====== Data for this exercise ======

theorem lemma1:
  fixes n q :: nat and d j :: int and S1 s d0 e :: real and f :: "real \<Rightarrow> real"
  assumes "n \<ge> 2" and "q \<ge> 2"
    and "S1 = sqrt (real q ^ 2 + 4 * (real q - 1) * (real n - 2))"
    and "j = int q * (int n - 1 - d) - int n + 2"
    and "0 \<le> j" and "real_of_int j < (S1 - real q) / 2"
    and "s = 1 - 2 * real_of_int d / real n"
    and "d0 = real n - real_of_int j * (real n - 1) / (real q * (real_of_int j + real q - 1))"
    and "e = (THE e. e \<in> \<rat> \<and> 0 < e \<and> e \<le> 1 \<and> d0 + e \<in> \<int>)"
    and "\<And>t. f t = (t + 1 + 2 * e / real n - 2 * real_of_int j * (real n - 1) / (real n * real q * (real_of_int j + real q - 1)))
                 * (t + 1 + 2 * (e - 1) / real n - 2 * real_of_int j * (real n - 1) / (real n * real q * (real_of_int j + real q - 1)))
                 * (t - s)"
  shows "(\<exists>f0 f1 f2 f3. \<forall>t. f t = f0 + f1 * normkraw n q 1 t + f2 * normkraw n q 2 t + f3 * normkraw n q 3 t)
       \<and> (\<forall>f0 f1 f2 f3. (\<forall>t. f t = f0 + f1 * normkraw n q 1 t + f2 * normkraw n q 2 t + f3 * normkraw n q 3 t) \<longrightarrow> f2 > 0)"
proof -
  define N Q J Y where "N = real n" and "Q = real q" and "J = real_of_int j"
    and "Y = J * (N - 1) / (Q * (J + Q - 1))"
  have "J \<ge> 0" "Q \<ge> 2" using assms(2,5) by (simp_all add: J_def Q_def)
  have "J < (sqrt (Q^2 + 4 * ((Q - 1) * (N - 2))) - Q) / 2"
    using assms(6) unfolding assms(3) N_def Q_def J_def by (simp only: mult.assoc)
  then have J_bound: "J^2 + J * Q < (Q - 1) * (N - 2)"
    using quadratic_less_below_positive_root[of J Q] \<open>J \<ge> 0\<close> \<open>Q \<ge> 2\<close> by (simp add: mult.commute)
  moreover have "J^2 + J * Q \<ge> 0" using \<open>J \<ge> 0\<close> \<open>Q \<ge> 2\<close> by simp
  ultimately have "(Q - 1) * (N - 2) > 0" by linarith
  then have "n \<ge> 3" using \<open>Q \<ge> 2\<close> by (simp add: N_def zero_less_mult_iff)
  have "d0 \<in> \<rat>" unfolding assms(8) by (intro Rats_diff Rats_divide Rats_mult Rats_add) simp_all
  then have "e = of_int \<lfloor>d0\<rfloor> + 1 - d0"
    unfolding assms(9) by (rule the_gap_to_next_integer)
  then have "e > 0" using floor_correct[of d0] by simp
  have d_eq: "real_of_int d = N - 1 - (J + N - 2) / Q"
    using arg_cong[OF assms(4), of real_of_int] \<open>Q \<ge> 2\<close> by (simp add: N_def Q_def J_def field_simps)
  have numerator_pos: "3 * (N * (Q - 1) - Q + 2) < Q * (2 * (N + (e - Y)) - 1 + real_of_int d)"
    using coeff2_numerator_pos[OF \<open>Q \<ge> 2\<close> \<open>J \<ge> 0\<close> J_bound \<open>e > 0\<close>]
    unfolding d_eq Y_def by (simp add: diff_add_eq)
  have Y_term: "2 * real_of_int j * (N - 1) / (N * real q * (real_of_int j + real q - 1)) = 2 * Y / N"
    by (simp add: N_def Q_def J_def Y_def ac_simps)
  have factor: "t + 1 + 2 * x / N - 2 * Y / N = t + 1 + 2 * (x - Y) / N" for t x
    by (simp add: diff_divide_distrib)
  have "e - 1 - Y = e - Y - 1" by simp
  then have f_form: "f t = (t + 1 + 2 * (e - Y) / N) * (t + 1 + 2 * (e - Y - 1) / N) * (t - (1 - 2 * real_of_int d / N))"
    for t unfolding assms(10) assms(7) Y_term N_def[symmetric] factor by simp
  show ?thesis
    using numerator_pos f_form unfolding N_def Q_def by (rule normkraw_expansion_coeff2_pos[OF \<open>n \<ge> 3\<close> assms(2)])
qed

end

======
====== Data for this exercise ======

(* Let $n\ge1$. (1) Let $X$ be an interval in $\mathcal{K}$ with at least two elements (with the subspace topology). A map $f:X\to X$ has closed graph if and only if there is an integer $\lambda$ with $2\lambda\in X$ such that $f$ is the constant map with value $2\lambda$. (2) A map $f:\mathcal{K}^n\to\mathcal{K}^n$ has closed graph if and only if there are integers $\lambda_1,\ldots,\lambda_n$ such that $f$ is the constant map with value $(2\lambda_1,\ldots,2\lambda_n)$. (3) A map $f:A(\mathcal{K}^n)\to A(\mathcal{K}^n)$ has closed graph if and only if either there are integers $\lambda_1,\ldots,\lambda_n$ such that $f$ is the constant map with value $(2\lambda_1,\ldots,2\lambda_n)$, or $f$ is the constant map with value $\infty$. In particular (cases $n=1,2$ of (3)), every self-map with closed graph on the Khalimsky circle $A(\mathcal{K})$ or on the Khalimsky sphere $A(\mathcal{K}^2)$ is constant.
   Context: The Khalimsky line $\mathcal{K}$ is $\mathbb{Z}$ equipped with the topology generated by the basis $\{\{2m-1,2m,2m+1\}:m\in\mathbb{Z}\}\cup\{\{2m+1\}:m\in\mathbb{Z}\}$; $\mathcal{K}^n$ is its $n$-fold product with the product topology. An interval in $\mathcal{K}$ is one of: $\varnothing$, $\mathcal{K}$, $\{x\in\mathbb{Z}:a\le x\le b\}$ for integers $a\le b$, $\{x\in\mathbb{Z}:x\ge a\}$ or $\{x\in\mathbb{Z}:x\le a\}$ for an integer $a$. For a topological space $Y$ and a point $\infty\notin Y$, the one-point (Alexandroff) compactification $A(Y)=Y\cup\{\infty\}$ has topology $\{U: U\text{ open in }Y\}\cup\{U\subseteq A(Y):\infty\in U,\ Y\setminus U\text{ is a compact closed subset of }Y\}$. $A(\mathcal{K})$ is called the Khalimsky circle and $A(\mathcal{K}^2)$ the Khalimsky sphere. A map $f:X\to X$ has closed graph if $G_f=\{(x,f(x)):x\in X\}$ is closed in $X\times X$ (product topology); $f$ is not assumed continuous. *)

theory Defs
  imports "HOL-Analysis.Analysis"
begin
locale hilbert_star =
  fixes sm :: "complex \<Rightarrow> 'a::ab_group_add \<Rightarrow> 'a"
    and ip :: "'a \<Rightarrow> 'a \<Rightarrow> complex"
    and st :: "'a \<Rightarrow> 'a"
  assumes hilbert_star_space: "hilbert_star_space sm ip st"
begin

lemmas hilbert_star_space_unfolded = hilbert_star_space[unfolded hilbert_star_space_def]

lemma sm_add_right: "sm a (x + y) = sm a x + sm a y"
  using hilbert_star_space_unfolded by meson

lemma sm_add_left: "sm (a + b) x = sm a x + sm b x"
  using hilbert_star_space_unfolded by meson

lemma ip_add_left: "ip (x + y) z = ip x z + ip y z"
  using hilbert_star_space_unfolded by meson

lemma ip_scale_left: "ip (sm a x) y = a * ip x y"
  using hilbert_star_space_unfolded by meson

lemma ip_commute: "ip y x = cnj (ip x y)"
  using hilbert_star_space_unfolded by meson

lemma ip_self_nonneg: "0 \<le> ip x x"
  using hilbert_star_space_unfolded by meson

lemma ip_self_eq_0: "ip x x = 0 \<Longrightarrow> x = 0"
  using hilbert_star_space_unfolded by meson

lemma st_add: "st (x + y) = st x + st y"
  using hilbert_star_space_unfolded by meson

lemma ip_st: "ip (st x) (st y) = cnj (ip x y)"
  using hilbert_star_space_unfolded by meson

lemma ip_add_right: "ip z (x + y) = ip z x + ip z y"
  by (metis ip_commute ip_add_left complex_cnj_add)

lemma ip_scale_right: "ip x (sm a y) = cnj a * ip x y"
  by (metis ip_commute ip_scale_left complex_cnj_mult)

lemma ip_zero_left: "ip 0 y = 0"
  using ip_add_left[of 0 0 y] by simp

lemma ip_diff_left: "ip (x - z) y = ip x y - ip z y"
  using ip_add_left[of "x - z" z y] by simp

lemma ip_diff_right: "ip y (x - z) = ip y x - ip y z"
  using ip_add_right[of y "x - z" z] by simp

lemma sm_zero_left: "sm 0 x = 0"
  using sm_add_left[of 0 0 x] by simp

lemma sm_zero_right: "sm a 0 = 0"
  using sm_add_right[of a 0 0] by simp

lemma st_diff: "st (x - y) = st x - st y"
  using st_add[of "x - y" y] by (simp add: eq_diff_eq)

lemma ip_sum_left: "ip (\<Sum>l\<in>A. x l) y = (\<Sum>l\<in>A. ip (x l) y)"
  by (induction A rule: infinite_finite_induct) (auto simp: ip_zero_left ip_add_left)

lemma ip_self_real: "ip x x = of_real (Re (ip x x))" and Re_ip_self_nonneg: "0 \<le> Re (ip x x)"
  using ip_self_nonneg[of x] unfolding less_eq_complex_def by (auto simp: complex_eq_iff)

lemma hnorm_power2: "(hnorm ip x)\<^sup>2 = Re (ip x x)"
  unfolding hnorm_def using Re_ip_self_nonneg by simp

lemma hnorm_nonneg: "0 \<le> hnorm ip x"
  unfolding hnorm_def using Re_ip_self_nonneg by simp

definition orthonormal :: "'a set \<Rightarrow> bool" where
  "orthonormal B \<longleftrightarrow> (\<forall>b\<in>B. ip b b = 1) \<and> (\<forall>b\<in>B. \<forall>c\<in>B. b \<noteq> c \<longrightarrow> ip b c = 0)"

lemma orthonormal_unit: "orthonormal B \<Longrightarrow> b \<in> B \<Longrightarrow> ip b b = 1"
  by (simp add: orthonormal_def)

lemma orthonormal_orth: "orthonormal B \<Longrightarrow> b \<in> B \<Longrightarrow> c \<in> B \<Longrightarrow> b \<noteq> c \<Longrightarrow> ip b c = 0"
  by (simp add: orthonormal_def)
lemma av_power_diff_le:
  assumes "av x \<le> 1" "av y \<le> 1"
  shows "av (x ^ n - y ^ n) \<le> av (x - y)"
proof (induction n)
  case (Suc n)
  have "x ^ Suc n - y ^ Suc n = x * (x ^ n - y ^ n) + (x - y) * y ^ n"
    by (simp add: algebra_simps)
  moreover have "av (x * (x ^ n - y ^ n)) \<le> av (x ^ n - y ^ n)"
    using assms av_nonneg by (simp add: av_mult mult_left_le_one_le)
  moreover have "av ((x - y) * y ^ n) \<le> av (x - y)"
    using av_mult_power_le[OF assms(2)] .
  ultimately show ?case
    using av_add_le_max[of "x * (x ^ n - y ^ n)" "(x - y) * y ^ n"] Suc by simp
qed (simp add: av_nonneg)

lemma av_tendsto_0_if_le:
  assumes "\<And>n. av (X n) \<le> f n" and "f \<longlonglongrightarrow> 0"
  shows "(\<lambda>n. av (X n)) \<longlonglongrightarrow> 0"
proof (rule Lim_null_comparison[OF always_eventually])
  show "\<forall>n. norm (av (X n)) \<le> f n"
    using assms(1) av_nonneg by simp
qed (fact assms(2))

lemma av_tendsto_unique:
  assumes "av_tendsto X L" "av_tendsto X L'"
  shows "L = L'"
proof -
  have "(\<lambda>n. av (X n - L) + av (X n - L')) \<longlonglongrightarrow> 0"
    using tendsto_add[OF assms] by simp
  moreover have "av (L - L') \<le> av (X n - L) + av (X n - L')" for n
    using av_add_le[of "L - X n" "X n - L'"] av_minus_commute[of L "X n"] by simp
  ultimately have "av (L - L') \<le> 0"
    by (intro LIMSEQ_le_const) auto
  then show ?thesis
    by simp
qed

======
====== Data for this exercise ======

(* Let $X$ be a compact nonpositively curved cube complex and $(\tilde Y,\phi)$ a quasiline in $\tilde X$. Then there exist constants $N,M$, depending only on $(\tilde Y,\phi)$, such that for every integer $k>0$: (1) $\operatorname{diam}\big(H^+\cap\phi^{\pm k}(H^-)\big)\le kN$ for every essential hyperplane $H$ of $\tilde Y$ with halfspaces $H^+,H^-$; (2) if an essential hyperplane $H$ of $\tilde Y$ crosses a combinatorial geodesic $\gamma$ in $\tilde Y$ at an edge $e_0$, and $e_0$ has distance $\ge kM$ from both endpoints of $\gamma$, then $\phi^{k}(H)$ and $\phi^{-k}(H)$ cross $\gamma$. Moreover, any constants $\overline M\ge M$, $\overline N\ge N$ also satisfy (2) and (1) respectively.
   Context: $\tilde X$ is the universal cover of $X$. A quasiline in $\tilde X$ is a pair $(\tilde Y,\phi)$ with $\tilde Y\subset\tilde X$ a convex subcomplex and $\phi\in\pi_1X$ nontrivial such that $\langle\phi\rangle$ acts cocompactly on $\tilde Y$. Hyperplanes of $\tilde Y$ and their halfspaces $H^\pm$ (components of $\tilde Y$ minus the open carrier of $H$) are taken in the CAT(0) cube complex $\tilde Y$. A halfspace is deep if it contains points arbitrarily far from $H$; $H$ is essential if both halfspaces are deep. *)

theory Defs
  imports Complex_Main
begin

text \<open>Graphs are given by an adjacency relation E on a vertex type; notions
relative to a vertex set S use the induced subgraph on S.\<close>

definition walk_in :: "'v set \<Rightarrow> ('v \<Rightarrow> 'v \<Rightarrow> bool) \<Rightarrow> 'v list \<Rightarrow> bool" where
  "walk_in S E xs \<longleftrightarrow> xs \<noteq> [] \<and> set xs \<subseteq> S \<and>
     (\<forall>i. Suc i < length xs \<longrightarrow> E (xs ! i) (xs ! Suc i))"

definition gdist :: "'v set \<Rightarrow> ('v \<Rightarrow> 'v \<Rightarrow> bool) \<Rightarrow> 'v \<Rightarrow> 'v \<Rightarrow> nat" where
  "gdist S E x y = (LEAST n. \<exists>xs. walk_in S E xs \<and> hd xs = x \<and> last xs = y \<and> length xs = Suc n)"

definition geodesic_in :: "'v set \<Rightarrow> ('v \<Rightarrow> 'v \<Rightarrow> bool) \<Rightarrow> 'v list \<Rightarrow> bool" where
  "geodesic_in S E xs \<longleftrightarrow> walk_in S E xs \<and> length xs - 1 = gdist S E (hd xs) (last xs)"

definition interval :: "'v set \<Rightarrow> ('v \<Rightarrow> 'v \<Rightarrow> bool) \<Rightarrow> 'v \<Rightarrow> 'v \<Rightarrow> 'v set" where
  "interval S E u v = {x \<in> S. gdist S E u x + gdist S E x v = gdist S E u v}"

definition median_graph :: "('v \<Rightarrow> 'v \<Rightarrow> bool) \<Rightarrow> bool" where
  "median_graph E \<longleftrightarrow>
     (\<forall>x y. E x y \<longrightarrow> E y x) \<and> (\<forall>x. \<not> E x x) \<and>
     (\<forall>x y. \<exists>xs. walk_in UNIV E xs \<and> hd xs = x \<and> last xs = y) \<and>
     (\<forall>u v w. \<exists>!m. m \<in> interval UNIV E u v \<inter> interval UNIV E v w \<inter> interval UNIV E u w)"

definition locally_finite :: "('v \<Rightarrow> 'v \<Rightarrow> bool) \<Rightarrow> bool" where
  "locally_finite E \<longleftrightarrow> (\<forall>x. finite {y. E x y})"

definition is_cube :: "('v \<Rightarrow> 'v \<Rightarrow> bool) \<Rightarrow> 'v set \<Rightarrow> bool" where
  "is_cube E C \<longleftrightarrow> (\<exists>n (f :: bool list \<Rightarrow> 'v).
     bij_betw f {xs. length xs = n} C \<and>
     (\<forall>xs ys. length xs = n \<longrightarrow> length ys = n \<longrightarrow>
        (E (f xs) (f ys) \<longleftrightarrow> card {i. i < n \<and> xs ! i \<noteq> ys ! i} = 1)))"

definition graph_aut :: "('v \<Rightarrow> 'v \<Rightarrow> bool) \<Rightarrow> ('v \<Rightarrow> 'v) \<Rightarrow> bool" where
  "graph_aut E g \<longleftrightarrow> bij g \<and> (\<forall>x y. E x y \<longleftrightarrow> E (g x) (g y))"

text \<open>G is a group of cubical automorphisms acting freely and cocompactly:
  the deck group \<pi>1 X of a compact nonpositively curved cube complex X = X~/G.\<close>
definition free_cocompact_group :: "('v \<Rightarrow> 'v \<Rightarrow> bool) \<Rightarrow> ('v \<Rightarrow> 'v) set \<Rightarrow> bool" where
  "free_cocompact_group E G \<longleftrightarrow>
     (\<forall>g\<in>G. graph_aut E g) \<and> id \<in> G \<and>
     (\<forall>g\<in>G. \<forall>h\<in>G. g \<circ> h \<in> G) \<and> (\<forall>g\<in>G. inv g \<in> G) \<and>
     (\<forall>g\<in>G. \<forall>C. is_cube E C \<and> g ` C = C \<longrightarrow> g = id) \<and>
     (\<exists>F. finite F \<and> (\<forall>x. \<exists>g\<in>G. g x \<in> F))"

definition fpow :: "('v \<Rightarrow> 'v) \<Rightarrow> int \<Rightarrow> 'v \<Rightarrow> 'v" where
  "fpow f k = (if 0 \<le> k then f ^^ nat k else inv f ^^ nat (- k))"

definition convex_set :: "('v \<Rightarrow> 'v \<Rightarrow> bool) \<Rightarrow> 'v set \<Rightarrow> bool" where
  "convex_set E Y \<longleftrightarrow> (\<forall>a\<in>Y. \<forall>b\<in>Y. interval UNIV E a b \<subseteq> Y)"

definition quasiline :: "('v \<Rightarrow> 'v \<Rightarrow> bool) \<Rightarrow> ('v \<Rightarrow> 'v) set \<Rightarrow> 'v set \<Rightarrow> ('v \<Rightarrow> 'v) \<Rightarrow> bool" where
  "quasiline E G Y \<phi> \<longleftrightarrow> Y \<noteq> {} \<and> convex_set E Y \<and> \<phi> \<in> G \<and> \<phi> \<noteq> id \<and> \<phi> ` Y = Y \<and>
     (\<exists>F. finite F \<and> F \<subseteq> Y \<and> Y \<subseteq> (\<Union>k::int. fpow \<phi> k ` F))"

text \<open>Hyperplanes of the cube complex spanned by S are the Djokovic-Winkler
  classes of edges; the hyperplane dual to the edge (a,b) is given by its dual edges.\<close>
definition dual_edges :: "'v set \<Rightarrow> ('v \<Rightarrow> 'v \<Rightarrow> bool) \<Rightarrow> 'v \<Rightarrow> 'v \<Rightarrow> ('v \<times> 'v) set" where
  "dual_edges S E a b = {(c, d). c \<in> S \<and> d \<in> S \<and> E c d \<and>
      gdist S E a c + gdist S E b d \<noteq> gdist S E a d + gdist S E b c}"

======

**Exercise directions:**
Which lines of the data contain the string "list"? Copy each one.

**Written solution:**
definition walk_in :: "'v set \<Rightarrow> ('v \<Rightarrow> 'v \<Rightarrow> bool) \<Rightarrow> 'v list \<Rightarrow> bool" where
definition geodesic_in :: "'v set \<Rightarrow> ('v \<Rightarrow> 'v \<Rightarrow> bool) \<Rightarrow> 'v list \<Rightarrow> bool" where
  "is_cube E C \<longleftrightarrow> (\<exists>n (f :: bool list \<Rightarrow> 'v).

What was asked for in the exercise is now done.